Content
37%Reviews the quality of instructions and guidance provided to agents. Good implementation is clear, handles edge cases, and produces reliable results.
This skill reads as a REST API cheat sheet covering conventions Claude already knows well (HTTP methods, status codes, resource naming). It lacks a design workflow or decision-making process that would add genuine value, and provides no executable implementation code. The content is well-structured but largely redundant for an LLM with strong existing knowledge of REST conventions.
Suggestions
Add a step-by-step workflow for designing an API: e.g., 1) identify resources, 2) define relationships, 3) choose response format, 4) document with OpenAPI — with validation checkpoints.

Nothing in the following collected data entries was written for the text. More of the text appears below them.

(* Let $(A,B)$ be an admissible pair of $n\times n$ complex matrices and put $r_A=\mathrm{rank}(A)$, $r_B=\mathrm{rank}(B)$. Then $m:=r_A+r_B-n\ge 0$, and there exists a permutation $\Pi$ of $\{1,\dots,n\}$ such that the boundary condition $A\Psi+B\Psi'=0$ is equivalent (i.e. has exactly the same solution pairs $(\Psi,\Psi')\in\mathbb C^n\times\mathbb C^n$) to the PQRS-form condition $$B_{PQRS}\tilde\Psi'=A_{PQRS}\tilde\Psi,\qquad \tilde\Psi=(\psi_{\Pi(1)}(0),\dots,\psi_{\Pi(n)}(0))^T,\ \tilde\Psi'=(\psi'_{\Pi(1)}(0),\dots,\psi'_{\Pi(n)}(0))^T,$$ for some matrices $P\in\mathbb C^{m\times(n-r_B)}$, $Q\in\mathbb C^{(n-r_A)\times(n-r_B)}$, $R\in\mathbb C^{(n-r_A)\times m}$ and some invertible self-adjoint $S\in\mathbb C^{m\times m}$. For a given admissible permutation $\Pi$, the matrices $P,Q,R,S$ (with $S$ invertible self-adjoint) are uniquely determined; choosing the lexicographically smallest admissible $\Pi$ makes the representation unique.
   Context: A vertex coupling at a vertex of degree $n$ of a quantum graph is given by boundary conditions $A\Psi+B\Psi'=0$, where $A,B\in\mathbb C^{n\times n}$ and $\Psi=(\psi_1(0),\dots,\psi_n(0))^T$, $\Psi'=(\psi_1'(0),\dots,\psi_n'(0))^T$ are the vectors of boundary values and boundary derivatives of the wave function on the $n$ edges at the vertex. The pair $(A,B)$ is called admissible if the $n\times 2n$ matrix $(A|B)$ has rank $n$ and $AB^*$ is self-adjoint. $I^{(j)}$ denotes the $j\times j$ identity matrix. With $m=r_A+r_B-n$, $a=n-r_A$, $b=n-r_B$, $S\in\mathbb C^{m\times m}$ self-adjoint, $P\in\mathbb C^{m\times b}$, $Q\in\mathbb C^{a\times b}$, $R\in\mathbb C^{a\times m}$, define the $n\times n$ block matrices (block sizes $m,a,b$) $$B_{PQRS}=\begin{pmatrix} I^{(m)} & 0 & P\\ R & I^{(a)} & Q\\ 0&0&0\end{pmatrix},\qquad A_{PQRS}=\begin{pmatrix} S & -SR^* & 0\\ 0&0&0\\ -P^* & (RP-Q)^* & I^{(b)}\end{pmatrix}.$$ *)

theory Defs
  imports "Jordan_Normal_Form.Schur_Decomposition" "Jordan_Normal_Form.DL_Rank"
begin

definition hcat :: "'a mat \<Rightarrow> 'a mat \<Rightarrow> 'a mat" where
  "hcat A B = mat (dim_row A) (dim_col A + dim_col B)
     (\<lambda>(i,j). if j < dim_col A then A $$ (i,j) else B $$ (i, j - dim_col A))"

definition admissible :: "nat \<Rightarrow> complex mat \<Rightarrow> complex mat \<Rightarrow> bool" where
  "admissible n A B \<longleftrightarrow> A \<in> carrier_mat n n \<and> B \<in> carrier_mat n n \<and>
     vec_space.rank n (hcat A B) = n \<and>
     mat_adjoint (A * mat_adjoint B) = A * mat_adjoint B"

definition blk_idx :: "nat \<Rightarrow> nat \<Rightarrow> nat \<Rightarrow> nat \<times> nat" where
  "blk_idx m a i = (if i < m then (0, i) else if i < m + a then (1, i - m) else (2, i - m - a))"

text \<open>3x3 block matrix with block sizes m, a, b (rows and columns); Ms ! k ! l is block (k,l).\<close>
definition block3 :: "nat \<Rightarrow> nat \<Rightarrow> nat \<Rightarrow> 'a mat list list \<Rightarrow> 'a mat" where
  "block3 m a b Ms = mat (m + a + b) (m + a + b)
     (\<lambda>(i,j). case blk_idx m a i of (bi, i') \<Rightarrow> case blk_idx m a j of (bj, j') \<Rightarrow>
        (Ms ! bi ! bj) $$ (i', j'))"

definition B_PQRS :: "nat \<Rightarrow> nat \<Rightarrow> nat \<Rightarrow> complex mat \<Rightarrow> complex mat \<Rightarrow> complex mat \<Rightarrow> complex mat" where
  "B_PQRS m a b P Q R = block3 m a b
     [[1\<^sub>m m, 0\<^sub>m m a, P],
      [R, 1\<^sub>m a, Q],
      [0\<^sub>m b m, 0\<^sub>m b a, 0\<^sub>m b b]]"

definition A_PQRS :: "nat \<Rightarrow> nat \<Rightarrow> nat \<Rightarrow> complex mat \<Rightarrow> complex mat \<Rightarrow> complex mat \<Rightarrow> complex mat \<Rightarrow> complex mat" where
  "A_PQRS m a b P Q R S = block3 m a b
     [[S, - (S * mat_adjoint R), 0\<^sub>m m b],
      [0\<^sub>m a m, 0\<^sub>m a a, 0\<^sub>m a b],
      [- (mat_adjoint P), mat_adjoint (R * P - Q), 1\<^sub>m b]]"

definition perm_vec :: "(nat \<Rightarrow> nat) \<Rightarrow> 'a vec \<Rightarrow> 'a vec" where
  "perm_vec p v = vec (dim_vec v) (\<lambda>i. v $ p i)"

definition PQRS_equiv :: "nat \<Rightarrow> complex mat \<Rightarrow> complex mat \<Rightarrow> (nat \<Rightarrow> nat) \<Rightarrow> nat \<Rightarrow> nat \<Rightarrow> nat \<Rightarrow>
    complex mat \<Rightarrow> complex mat \<Rightarrow> complex mat \<Rightarrow> complex mat \<Rightarrow> bool" where
  "PQRS_equiv n A B p m a b P Q R S \<longleftrightarrow>
     (\<forall>\<Psi> \<in> carrier_vec n. \<forall>\<Psi>' \<in> carrier_vec n.
        (A *\<^sub>v \<Psi> + B *\<^sub>v \<Psi>' = 0\<^sub>v n) \<longleftrightarrow>
        (B_PQRS m a b P Q R *\<^sub>v perm_vec p \<Psi>' = A_PQRS m a b P Q R S *\<^sub>v perm_vec p \<Psi>))"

Focus content on non-obvious decisions and tradeoffs Claude might not default to correctly (e.g., when to use PUT vs PATCH, nested vs flat resources, error response conventions specific to the project).
Include executable code examples showing actual route handler implementations in a framework, rather than just URL pattern listings.
Remove or drastically condense the HTTP methods and status codes tables, as these are basic knowledge Claude already has — replace with project-specific conventions or edge cases.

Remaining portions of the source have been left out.